I walked towards the supplies that would save my grade, feeling quite relieved. It's not like I can ask Crabbe for any help… Shit! Something thick and sturdy tripped me into the table leg. In a moment I knew that it had been Crabbe's huge leg. My head hit the pole, knocking the whole table towards the caldron that my body met with.

"Ouch!" I cried as I felt my shoulder hit the pewter caldron, vials and papers falling everywhere around me as the table followed.

I am such an idiot!

"You stupid, fat moron!" I heard the voice of Draco Malfoy fill my ears.

"Shut up Malfoy." Harry said, helping me up.

"Longbottom!" I heard the angry monotone of Professor Snape right near me.
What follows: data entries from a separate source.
lemma mean_curv_lorentz_iso:
  assumes "lorentz_iso A"
  shows "mean_curv (\<lambda>w. A *v Xu w) (\<lambda>w. A *v Xv w) (\<lambda>w. A *v Xuu w) (\<lambda>w. A *v Xuv w)
     (\<lambda>w. A *v Xvv w) (A *v n) w = mean_curv Xu Xv Xuu Xuv Xvv n w"
  using assms by (simp add: mean_curv_def lorentz_iso_def)

definition timelike_unit_normal :: "real^3 \<Rightarrow> real^3 \<Rightarrow> real^3 \<Rightarrow> bool" where
  "timelike_unit_normal n u v \<longleftrightarrow> lor n n = -1 \<and> lor n u = 0 \<and> lor n v = 0"

lemma exists_timelike_unit_normal:
  assumes "lor u u * lor v v - (lor u v)^2 > 0"
  shows "\<exists>n. timelike_unit_normal n u v"
proof -
  define D where "D = lor u u * lor v v - (lor u v)^2"
  \<comment> \<open>the Lorentzian cross product of \<open>u\<close> and \<open>v\<close>\<close>
  define c :: "real^3" where
    "c = vector [u$2 * v$3 - u$3 * v$2, u$3 * v$1 - u$1 * v$3, u$2 * v$1 - u$1 * v$2]"
  have "lor c c = - D"
    unfolding c_def D_def lor_def by (simp only: vector_3) algebra
  moreover have "lor c u = 0" "lor c v = 0"
    unfolding c_def lor_def by (simp_all add: algebra_simps)
  moreover have "D > 0"
    using assms by (simp add: D_def)
  ultimately have "timelike_unit_normal ((1 / sqrt D) *\<^sub>R c) u v"
    by (simp add: timelike_unit_normal_def lor_scaleR_left lor_scaleR_right)
  then show ?thesis ..
qed

lemma spacelike_patch_timelike_unit_normal:
  assumes "spacelike_patch S U X Xu Xv Xuu Xuv Xvv" "w \<in> U"
  obtains n where "timelike_unit_normal n (Xu w) (Xv w)"
proof -
  have "lor (Xu w) (Xu w) * lor (Xv w) (Xv w) - (lor (Xu w) (Xv w))^2 > 0"
    using assms by (simp add: spacelike_patch_def)
  then show ?thesis
    using that exists_timelike_unit_normal by blast
qed

definition prescribed_mean_curv :: "real \<Rightarrow> real^3 \<Rightarrow> (real^3) set \<Rightarrow> bool" where
  "prescribed_mean_curv \<alpha> a S \<longleftrightarrow>
     (\<forall>U X Xu Xv Xuu Xuv Xvv w n.
        spacelike_patch S U X Xu Xv Xuu Xuv Xvv \<and> w \<in> U \<and> timelike_unit_normal n (Xu w) (Xv w)
        \<longrightarrow> mean_curv Xu Xv Xuu Xuv Xvv n w = \<alpha> * lor n a / lor (X w) a)"

lemma prescribed_mean_curv_affine_image:
  assumes H: "prescribed_mean_curv \<alpha> a S" and denom: "\<forall>p\<in>S. lor p a \<noteq> 0"
    and A: "lorentz_iso A" and SS: "(\<lambda>p. A *v p + c) ` S = S"
    and P: "spacelike_patch S U X Xu Xv Xuu Xuv Xvv" and w: "w \<in> U"
    and n: "timelike_unit_normal n (Xu w) (Xv w)"
  shows "mean_curv Xu Xv Xuu Xuv Xvv n w * lor (A *v X w + c) a = \<alpha> * lor (A *v n) a"
proof -
  have "timelike_unit_normal (A *v n) (A *v Xu w) (A *v Xv w)"
    using n A by (simp add: timelike_unit_normal_def lorentz_iso_def)
  then have "mean_curv (\<lambda>w. A *v Xu w) (\<lambda>w. A *v Xv w) (\<lambda>w. A *v Xuu w) (\<lambda>w. A *v Xuv w)
      (\<lambda>w. A *v Xvv w) (A *v n) w = \<alpha> * lor (A *v n) a / lor (A *v X w + c) a"
    using H spacelike_patch_affine_image[OF P A SS] w unfolding prescribed_mean_curv_def by blast
  then have "mean_curv Xu Xv Xuu Xuv Xvv n w = \<alpha> * lor (A *v n) a / lor (A *v X w + c) a"
    by (simp add: mean_curv_lorentz_iso[OF A])
  moreover have "A *v X w + c \<in> S"
    using SS spacelike_patch_mem[OF P w] by blast
  ultimately show ?thesis
    using denom by simp
qed

lemma cosh_sinh_linear_independent:
  fixes P Q R :: real
  assumes "\<forall>t. P + Q * cosh t + R * sinh t = 0"
  shows "P = 0 \<and> Q = 0 \<and> R = 0"
proof -
  have e0: "P + Q = 0" and e1: "P + Q * cosh 1 + R * sinh 1 = 0"
    and e2: "P + Q * cosh 1 - R * sinh 1 = 0"
    using assms[rule_format, of 0] assms[rule_format, of 1] assms[rule_format, of "-1"] by simp_all
  have "R * sinh 1 = 0"
    using e1 e2 by linarith
  then have R: "R = 0"
    by simp
  then have "P + Q * cosh 1 = 0"
    using e1 by simp
  then have "Q * cosh 1 = Q * 1"
    using e0 by linarith
  then have "Q = 0"
    by (simp only: mult_cancel_left) simp
  then show ?thesis
    using e0 R by simp
qed

text \<open>The coefficients of \<open>1\<close>, \<open>cosh t\<close> and \<open>sinh t\<close> vanish separately; since
  \<open>a$1 \<noteq> 0\<close>, the constant \<open>k\<close> can be absorbed by a shift of \<open>q\<close> along the axis.\<close>
lemma rot_x_orbit_identity_imp_scaleR_eq:
  fixes q m a :: "real^3" and H \<alpha> k :: real
  assumes orbit: "\<forall>t. H * (lor (rot_x_matrix t *v q) a + k) = \<alpha> * lor (rot_x_matrix t *v m) a"
    and a_timelike: "lor a a < 0" and a1: "a$1 \<noteq> 0"
  shows "H *\<^sub>R (q - vector [- k / a$1, 0, 0]) = \<alpha> *\<^sub>R m"
proof -
  define x where "x = H * q$2 - \<alpha> * m$2"
  define y where "y = H * q$3 - \<alpha> * m$3"
  have "\<forall>t. (H * (q$1 * a$1 + k) - \<alpha> * m$1 * a$1) + (x * a$2 - y * a$3) * cosh t
      + (y * a$2 - x * a$3) * sinh t = 0"
    using orbit unfolding lor_rot_x_matrix_left x_def y_def by (simp add: algebra_simps)
  from cosh_sinh_linear_independent[OF this]
  have e1: "H * (q$1 * a$1 + k) = \<alpha> * m$1 * a$1"
    and e2: "x * a$2 - y * a$3 = 0" and e3: "y * a$2 - x * a$3 = 0"
    by simp_all
  have "a$1 * a$1 \<ge> 0"
    by simp
  then have d: "a$2 * a$2 - a$3 * a$3 \<noteq> 0"
    using a_timelike unfolding lor_def by linarith
  have "x * (a$2 * a$2 - a$3 * a$3) = a$2 * (x * a$2 - y * a$3) + a$3 * (y * a$2 - x * a$3)"
    by (simp add: algebra_simps)
  then have "x = 0"
    using d e2 e3 by simp
  have "y * (a$2 * a$2 - a$3 * a$3) = a$3 * (x * a$2 - y * a$3) + a$2 * (y * a$2 - x * a$3)"
    by (simp add: algebra_simps)
  then have "y = 0"
    using d e2 e3 by simp
  moreover note \<open>x = 0\<close>
  moreover have "H * (q$1 + k / a$1) = \<alpha> * m$1"
    using e1 a1 by (simp add: field_simps)
  ultimately show ?thesis
    by (simp add: vec_eq_iff forall_3 x_def y_def algebra_simps)
qed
"I'm… I'm sorry." I stuttered, my head throbbing where the pole hit.

"Get back to your table! Fifty point from Gryffindor for pure stupidity!" Snape smirked as he turned from me to Harry and Draco.

Just wonderful, now everyone's going to hate me.

"My book!" Draco growled as he watched his book sinking into the potion.

Snape grabbed the almost completely submerged end of the open book as something pink disappeared completely into the potion. The Potions master then pulled the book completely out of the filled caldron and held the dripping, potion-covered book with one hand and his wand in the other. In less than a moment the table was back up again and Snape tossed the book onto the table. He then tasted some of the potion from Harry's caldron.

"Just as I thought Potter… not enough powdered newt." The Potions professor gave a crooked smile before he glanced at me and walked away.

"I'm sorry." I whispered to Harry.

"It's okay Neville… it's okay." The dark-haired Gryffindor said half-heartedly to me.

"Two minutes!" Snape called from the front of the room.

Everyone scrambled to finish their potions. By the end of the class I had only managed to finish a little over a half of it. My stomach sank as the bitter old professor went around and watched the effects that the people's potions had on one another. Finally he came to my table.

"Alright." Snape said as he watched Crabbe and I exchange vials of potion.

Bottom's up! We both drank the potions. A big puff of purple smoke surrounded Crabbe's head, but nothing seemed to happen to me. Everyone stared at this scene as the smoke clear away.

"Donkey ears?" People stared to laugh as they saw the new change in Crabbe's appearance.

"Both of you failed. Goyle, take Crabbe up to the hospital wing. Next." Snape's words provoked the cold order that filled his room.

He went over to Harry and Malfoy's table. Each of them exchanged vials and reluctantly drank them down, keeping a wary eye on one another. Nothing seemed to happen to Draco, while on the other hand Harry grew about two inches.

"Nice work Draco. It seems Mr. Potter that you would do well to follow Mr. Malfoy's example." Snape grinned with twisted satisfaction.

The bell rang, signaling the end of class and everyone started to leave. Malfoy had a very sick look on his face. What's up with him? I thought to myself as I threw my things into my bag. Come to think of it, Snape isn't looking too well either. I stared at where the venomous teacher was at his desk, a green tint seeming to decorate his otherwise pale face.

I hope I don't catch whatever the have…

Author: Okay, that's the end of the first chapter. I hope you all enjoyed it. I know I did. Right, just a reminder that this is an impreg, you know… male pregnancy. The pairings are Harry and Draco, and even some Harry/Snape but not as much. Please review and tell me what you think so far. It's what keeps me writing. Thank you.


End file.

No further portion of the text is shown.